The Marketing Genius of Samuel Colt
“God created men,” goes the famous frontier saying, “Colonel Colt made them equal.”
So how did one man, even a legendary arms-maker,
accomplish a task generally reserved for constitutions, wars and
philosophers? Well, the saying itself says it all: truly sensational PR.
More than any other man, he is responsible for fanning the flames of America’s passion for privately owned firearms.
If the name Samuel Colt, born 200 years ago on July
19, 1814, has become synonymous with guns, it’s no accident. It was
precisely his intention.

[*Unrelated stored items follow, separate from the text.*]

lemma cls_eq_iff:
  assumes "p \<in> Paths V A s t" "q \<in> Paths V A s t"
  shows "cls p = cls q \<longleftrightarrow> R p q"
proof
  assume "cls p = cls q"
  then have "q \<in> cls p"
    using assms R_refl unfolding pcls_def by blast
  then show "R p q"
    unfolding pcls_def by blast
next
  assume "R p q"
  then show "cls p = cls q"
    using assms unfolding pcls_def by (blast intro: R_sym R_trans)
qed

lemma some_in_cls:
  assumes p: "(v, xs) \<in> Paths V A s t"
  obtains ys where "(SOME q. q \<in> cls (v, xs)) = (v, ys)" "(v, ys) \<in> Paths V A s t"
    "R (v, xs) (v, ys)" "ptgt t v ys = ptgt t v xs"
proof -
  have "(v, xs) \<in> cls (v, xs)"
    using p R_refl unfolding pcls_def by blast
  then have "(SOME q. q \<in> cls (v, xs)) \<in> cls (v, xs)"
    by (rule someI)
  then show ?thesis
    using that R_ends[OF _ p] unfolding pcls_def by (metis (no_types, lifting) mem_Collect_eq prod.collapse)
qed

lemma Dom_Cod_cls:
  assumes "(v, xs) \<in> Paths V A s t"
  shows "Dom quot (cls (v, xs)) = v" "Cod quot (cls (v, xs)) = ptgt t v xs"
proof -
  obtain ys where "(SOME q. q \<in> cls (v, xs)) = (v, ys)" "ptgt t v ys = ptgt t v xs"
    using some_in_cls[OF assms] by blast
  then show "Dom quot (cls (v, xs)) = v" "Cod quot (cls (v, xs)) = ptgt t v xs"
    by (simp_all add: path_quot_cat_def)
qed

lemma Comp_cls:
  assumes p: "(u, xs) \<in> Paths V A s t" and q: "(v, ys) \<in> Paths V A s t" and uv: "ptgt t u xs = v"
  shows "Comp quot (cls (u, xs)) (cls (v, ys)) = cls (u, xs @ ys)"
proof -
  obtain xs' where xs': "(SOME r. r \<in> cls (u, xs)) = (u, xs')" "(u, xs') \<in> Paths V A s t"
    "R (u, xs) (u, xs')" "ptgt t u xs' = ptgt t u xs"
    using some_in_cls[OF p] by blast
  obtain ys' where ys': "(SOME r. r \<in> cls (v, ys)) = (v, ys')" "(v, ys') \<in> Paths V A s t"
    "R (v, ys) (v, ys')"
    using some_in_cls[OF q] by blast
  have "R (u, xs @ ys) (u, xs' @ ys')"
    using R_append[OF xs'(3) ys'(3) p xs'(2) q ys'(2) uv] .
  moreover have "(u, xs @ ys) \<in> Paths V A s t" "(u, xs' @ ys') \<in> Paths V A s t"
    using p q xs' ys' uv by (auto simp: Paths_iff)
  ultimately have "cls (u, xs' @ ys') = cls (u, xs @ ys)"
    using cls_eq_iff R_sym by blast
  with xs'(1) ys'(1) show ?thesis
    by (simp add: path_quot_cat_def)
qed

The bearded industrialist may not have invented
the revolver whose design he perfected, but he was a pioneer in
everything from production lines to political lobbying to mass marketing
and celebrity endorsements, and, more than any other man, he is
responsible for fanning the flames of America’s passion for privately
owned firearms.
Like many top American entrepreneurs,
Colt eschewed traditional pathways to success, like attending college
or rising through the company ranks, in favor of convincing wealthy
friends and family members to capitalize his 22-year-old’s dreams. After
a brief stint at Amherst Academy went up in smoke thanks to a
pyrotechnic prank, the audacious Hartford, Conn., native was sent by his
father on the 1830s equivalent of an unpaid internship: a job on a
cargo ship bound for India.
“The husky, fast-talking industrialist from Connecticut,” Jack Kelly writes in The Invention of the Revolver, “embodied every European stereotype of the American: He was charming and abrasive, self-made and overbearing … as imaginative as he was mercenary, an opportunist, a liar, and a genius.”During the lengthy boat ride, Colt whittled a revolving pistol prototype out of wood, and after a spell as a traveling showman touting the benefits of laughing gas, the young huckster persuaded his family and friends to give him the $230,000 he needed to give the gunmaking business a shot.
He was also relentless. Colt’s quarter-million
dollar venture, indeed his first three ventures, all went under. While
the revolver provided a pivotal new advantage to American soldiers and
settlers — the ability to fire five to six shots without reloading, a
task that required 20 seconds with single-shot firearms — its $50 price
tag (equivalent to $3,000 today) was prohibitive for the average buyer.
Riding to Colt’s rescue was the savior of many a
weapons manufacturer: the federal government. Colt’s revolvers were held
in such esteem by Captain Sam Walker and his Texas Rangers during the
Seminole War that when the Mexican-American War flared up in the 1840s,
Walker helped convince the U.S. War Department to order 1,000 revolvers from Colt “to keep the various warlike tribes of Indians and marauding Mexicans in subjection.”
Colt was back in business — with a new
appreciation for both combat testimonials and government largesse. The
budding industrialist may have despised the federal hand that first fed
him — “To be … under the pay and patronage of Government is to stagnate
ambition,” he once said — but in a few years he was writing the book on
political lobbying, running up gigantic liquor tabs entertaining
politicians and military officers, while earning celebrity endorsements from the likes of Sam Houston, the Republic of Texas’s former president.
Colt capitalized on Americans’ romanticized view of the rugged frontier.
And trailblazer that he was, Colt
did not stop at U.S. politicians. He bestowed complementary arms on
world leaders from Czar Nicholas of Russia to the king of Siam, and won endorsements
from the likes of Giuseppe Garibaldi and Brigham Young. But Colt saved
his most effective marketing ploys for convincing average Americans to
pay a month’s wage for a device that required frequent maintenance and
was known to malfunction.
Colt capitalized on Americans’ romanticized view of the rugged frontier to sell pocket revolvers and other pistols — mostly to those who, like himself, lived in Eastern towns and cities. And to do so, Colt deployed a marketing and sales arsenal unlike any before.
He created a national network of sales reps, ran ads in newspapers with artwork by famous Western artist and adventurer George Catlin and even paid United States Magazine
to run a 29-page illustrated spread profiling his factory, which used
interchangeable parts and mass-production techniques more than half a
century before Henry Ford’s first Model T rolled off an assembly line.
Colt was also well ahead of his time in giving his
products patriotic names like the Colt Navy Revolver, and, long before
the iPod and iPhone, he was whetting consumer appetites with slightly
modified models with customizable elements. He even coined the
expression “new and improved,” and got himself an honorary military commission and title of “colonel” to further boost marketing efforts.
By the start of the U.S. Civil War in 1861, Colonel
Colt’s revolvers were perhaps the best-known firearm in the world, and
when he died a year later from rheumatic fever at the age of 47, he was
one of the wealthiest men in the country. Yet Colt would not live to see
the explosion in private gun ownership following the war nor the
triumph of the iconic Colt .45 Peacemaker, “the gun that won the West”
and was used by every gunslinger from Jesse James to Billy the Kid to
Wyatt Earp.
But if he had, you can bet there would have been some endorsement deals and free product coming their way.